* _The task_: Among the records below, find the lines with the word "using" and copy them.

(Stored items)
Content starts

lemma graph_determined_variety_excludes_zero_ring_square:
  assumes "graph_determined (variety \<Sigma>)"
    and q: "2 \<le> q" and Z: "zero_ring (q\<^sup>2) \<in> variety \<Sigma>" "zero_ring q \<in> variety \<Sigma>"
  shows False
proof -
  let ?S = "prod_ring (zero_ring q) (zero_ring q)"
  have q1: "1 \<le> q" "1 \<le> q\<^sup>2"
    using q by simp_all
  have "?S \<in> variety \<Sigma>"
    using Z(2) q1 by (auto simp: variety_def is_rng_zero_ring is_rng_prod_ring satisfies_prod_ring)
  moreover have "card (rcar ?S) = q\<^sup>2"
    by (simp add: card_image [OF inj_prod_encode] card_cartesian_product power2_eq_square)
  then have "zd_graph_iso (zero_ring (q\<^sup>2)) ?S"
    using q1 by (intro zd_graph_iso_zero_mult) (simp_all add: is_rng_zero_ring is_rng_prod_ring)
  ultimately have "rng_iso (zero_ring (q\<^sup>2)) ?S"
    using assms(1) Z(1) unfolding graph_determined_def by simp
  then show False
    using not_rng_iso_zero_ring_square [OF q] by blast
qed

lemma graph_determined_annihilated:
  assumes "graph_determined (variety \<Sigma>)"
  shows "\<exists>m>0. annihilates \<Sigma> m"
proof -
  have "\<not> (\<forall>n\<ge>1. zero_ring n \<in> variety \<Sigma>)"
  proof
    assume "\<forall>n\<ge>1. zero_ring n \<in> variety \<Sigma>"
    then show False
      using graph_determined_variety_excludes_zero_ring_square [OF assms order.refl] by simp
  qed
  then show ?thesis
    using annihilates_or_zero_rings_in_variety by blast
qed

Content ends

* _Answer to this exercise_:
    using q by simp_all
    using Z(2) q1 by (auto simp: variety_def is_rng_zero_ring is_rng_prod_ring satisfies_prod_ring)
    using q1 by (intro zd_graph_iso_zero_mult) (simp_all add: is_rng_zero_ring is_rng_prod_ring)
    using assms(1) Z(1) unfolding graph_determined_def by simp
    using not_rng_iso_zero_ring_square [OF q] by blast
      using graph_determined_variety_excludes_zero_ring_square [OF assms order.refl] by simp
    using annihilates_or_zero_rings_in_variety by blast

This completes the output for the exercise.